--- Material provided ---

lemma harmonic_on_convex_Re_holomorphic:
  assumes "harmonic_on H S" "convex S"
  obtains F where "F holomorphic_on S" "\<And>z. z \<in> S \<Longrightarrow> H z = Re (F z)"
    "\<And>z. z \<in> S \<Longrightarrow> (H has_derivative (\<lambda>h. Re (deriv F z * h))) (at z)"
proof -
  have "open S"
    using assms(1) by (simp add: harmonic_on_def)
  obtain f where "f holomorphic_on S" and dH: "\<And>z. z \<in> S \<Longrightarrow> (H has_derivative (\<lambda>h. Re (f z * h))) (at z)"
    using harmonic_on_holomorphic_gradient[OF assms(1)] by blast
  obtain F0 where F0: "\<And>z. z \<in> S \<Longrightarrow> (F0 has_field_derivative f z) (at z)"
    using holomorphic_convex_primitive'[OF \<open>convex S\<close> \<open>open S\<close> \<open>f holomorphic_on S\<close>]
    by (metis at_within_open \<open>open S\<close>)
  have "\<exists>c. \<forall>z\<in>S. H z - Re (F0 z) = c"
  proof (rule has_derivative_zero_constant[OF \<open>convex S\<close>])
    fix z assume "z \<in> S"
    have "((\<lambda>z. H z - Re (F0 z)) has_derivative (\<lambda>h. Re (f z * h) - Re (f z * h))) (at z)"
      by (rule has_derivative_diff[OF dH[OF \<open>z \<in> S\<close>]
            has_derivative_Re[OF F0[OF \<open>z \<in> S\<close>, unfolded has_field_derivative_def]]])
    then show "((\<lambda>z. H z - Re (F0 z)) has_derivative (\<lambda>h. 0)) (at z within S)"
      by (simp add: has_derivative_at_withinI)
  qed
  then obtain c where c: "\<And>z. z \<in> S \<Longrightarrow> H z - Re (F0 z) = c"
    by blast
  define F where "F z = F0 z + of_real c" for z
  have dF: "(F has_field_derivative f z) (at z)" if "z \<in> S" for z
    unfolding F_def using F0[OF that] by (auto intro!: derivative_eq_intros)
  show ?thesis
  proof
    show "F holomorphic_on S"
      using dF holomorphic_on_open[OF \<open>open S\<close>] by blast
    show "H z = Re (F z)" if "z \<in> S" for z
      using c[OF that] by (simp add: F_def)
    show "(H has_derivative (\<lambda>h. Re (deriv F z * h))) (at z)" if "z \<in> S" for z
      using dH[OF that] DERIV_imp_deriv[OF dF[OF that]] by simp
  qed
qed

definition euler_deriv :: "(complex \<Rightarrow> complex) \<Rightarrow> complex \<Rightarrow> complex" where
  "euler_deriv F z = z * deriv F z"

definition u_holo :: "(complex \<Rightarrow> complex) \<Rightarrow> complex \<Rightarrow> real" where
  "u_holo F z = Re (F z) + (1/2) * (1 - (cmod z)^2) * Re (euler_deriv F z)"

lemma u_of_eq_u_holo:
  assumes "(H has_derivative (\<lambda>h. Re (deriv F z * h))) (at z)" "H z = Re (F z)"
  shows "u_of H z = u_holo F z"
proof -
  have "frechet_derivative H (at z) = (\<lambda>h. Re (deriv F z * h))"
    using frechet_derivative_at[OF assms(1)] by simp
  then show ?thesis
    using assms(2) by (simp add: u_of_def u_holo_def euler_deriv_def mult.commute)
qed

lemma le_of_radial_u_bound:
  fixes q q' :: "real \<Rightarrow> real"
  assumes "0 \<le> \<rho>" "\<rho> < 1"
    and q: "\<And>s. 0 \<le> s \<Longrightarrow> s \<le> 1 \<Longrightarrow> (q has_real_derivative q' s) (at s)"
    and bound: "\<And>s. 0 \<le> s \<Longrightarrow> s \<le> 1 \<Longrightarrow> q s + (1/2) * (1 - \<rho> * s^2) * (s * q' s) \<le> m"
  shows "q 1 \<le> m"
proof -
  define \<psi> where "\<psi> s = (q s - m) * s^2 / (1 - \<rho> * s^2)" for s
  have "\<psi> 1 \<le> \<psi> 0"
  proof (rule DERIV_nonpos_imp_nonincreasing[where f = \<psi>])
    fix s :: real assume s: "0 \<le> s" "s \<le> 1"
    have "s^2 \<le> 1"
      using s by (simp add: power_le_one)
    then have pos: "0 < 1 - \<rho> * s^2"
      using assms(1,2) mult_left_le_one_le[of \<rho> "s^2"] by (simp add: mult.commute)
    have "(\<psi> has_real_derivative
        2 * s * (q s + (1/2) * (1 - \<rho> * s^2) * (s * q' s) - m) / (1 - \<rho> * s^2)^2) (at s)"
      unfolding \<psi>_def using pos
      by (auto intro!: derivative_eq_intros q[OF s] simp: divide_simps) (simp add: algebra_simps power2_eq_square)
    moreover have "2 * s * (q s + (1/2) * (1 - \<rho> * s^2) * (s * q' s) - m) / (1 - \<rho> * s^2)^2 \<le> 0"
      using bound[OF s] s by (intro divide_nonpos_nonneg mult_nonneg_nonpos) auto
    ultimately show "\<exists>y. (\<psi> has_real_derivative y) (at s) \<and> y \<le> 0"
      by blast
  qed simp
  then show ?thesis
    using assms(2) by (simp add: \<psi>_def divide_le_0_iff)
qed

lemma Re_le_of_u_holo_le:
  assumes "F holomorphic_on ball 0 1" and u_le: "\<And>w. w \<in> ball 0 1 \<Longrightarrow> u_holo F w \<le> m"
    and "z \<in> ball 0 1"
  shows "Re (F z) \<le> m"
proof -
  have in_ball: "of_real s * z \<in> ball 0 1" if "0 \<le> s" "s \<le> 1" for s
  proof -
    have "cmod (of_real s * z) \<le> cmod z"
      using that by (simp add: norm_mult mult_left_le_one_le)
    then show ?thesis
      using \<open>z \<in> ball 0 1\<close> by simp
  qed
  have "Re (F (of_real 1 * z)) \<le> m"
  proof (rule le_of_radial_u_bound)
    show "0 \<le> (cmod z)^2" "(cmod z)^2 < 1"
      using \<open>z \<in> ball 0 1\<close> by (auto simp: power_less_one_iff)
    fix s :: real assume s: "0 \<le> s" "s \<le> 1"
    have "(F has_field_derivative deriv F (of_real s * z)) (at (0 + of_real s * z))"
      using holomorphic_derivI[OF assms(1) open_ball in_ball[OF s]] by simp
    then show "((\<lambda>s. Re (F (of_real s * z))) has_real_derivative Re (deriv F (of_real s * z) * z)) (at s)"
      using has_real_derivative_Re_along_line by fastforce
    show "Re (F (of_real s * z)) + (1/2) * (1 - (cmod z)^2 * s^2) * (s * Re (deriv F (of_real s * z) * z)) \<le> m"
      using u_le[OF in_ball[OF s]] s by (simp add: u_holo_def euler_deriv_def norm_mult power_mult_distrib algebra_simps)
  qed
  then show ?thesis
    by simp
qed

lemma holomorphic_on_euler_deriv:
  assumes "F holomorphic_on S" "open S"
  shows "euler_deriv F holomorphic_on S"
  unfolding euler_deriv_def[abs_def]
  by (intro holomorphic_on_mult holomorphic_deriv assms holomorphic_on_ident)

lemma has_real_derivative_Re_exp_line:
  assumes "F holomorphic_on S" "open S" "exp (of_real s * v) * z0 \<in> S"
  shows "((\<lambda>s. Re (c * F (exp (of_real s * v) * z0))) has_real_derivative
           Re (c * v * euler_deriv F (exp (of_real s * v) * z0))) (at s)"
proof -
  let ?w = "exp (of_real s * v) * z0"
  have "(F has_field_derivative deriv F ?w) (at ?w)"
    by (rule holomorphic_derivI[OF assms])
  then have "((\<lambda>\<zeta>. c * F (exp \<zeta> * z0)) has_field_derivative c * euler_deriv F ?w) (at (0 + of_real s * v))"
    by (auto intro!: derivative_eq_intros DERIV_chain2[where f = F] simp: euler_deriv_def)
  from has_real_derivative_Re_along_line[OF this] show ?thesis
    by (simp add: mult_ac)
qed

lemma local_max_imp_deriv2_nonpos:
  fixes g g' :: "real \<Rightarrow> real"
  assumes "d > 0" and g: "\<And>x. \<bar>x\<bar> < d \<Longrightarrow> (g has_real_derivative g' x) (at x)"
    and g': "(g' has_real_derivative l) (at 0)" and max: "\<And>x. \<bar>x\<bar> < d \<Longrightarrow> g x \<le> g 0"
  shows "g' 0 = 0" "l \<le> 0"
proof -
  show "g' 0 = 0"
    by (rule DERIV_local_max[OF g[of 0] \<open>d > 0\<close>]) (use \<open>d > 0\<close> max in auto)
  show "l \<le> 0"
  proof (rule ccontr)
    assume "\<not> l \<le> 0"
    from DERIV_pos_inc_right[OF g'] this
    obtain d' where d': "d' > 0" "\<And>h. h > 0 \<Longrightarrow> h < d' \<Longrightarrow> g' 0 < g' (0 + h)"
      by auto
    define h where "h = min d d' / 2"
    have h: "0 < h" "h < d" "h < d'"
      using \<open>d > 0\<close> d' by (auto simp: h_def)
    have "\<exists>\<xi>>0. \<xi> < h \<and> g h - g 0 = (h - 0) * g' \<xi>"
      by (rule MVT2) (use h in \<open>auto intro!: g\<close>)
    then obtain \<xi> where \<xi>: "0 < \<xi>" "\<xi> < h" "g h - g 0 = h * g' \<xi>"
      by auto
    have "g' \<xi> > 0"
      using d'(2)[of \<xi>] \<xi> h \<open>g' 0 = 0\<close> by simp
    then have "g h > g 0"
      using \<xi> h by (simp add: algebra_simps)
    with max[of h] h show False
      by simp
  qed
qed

---

### [Requirement]
A verbatim transcription is needed of the lines above, starting at the line with "from DERIV_pos_inc_right[OF g'] this" and ending at the line with "using \<open>d >", both included, and of nothing else.

### [Written answer]
    from DERIV_pos_inc_right[OF g'] this
    obtain d' where d': "d' > 0" "\<And>h. h > 0 \<Longrightarrow> h < d' \<Longrightarrow> g' 0 < g' (0 + h)"
      by auto
    define h where "h = min d d' / 2"
    have h: "0 < h" "h < d" "h < d'"
      using \<open>d > 0\<close> d' by (auto simp: h_def)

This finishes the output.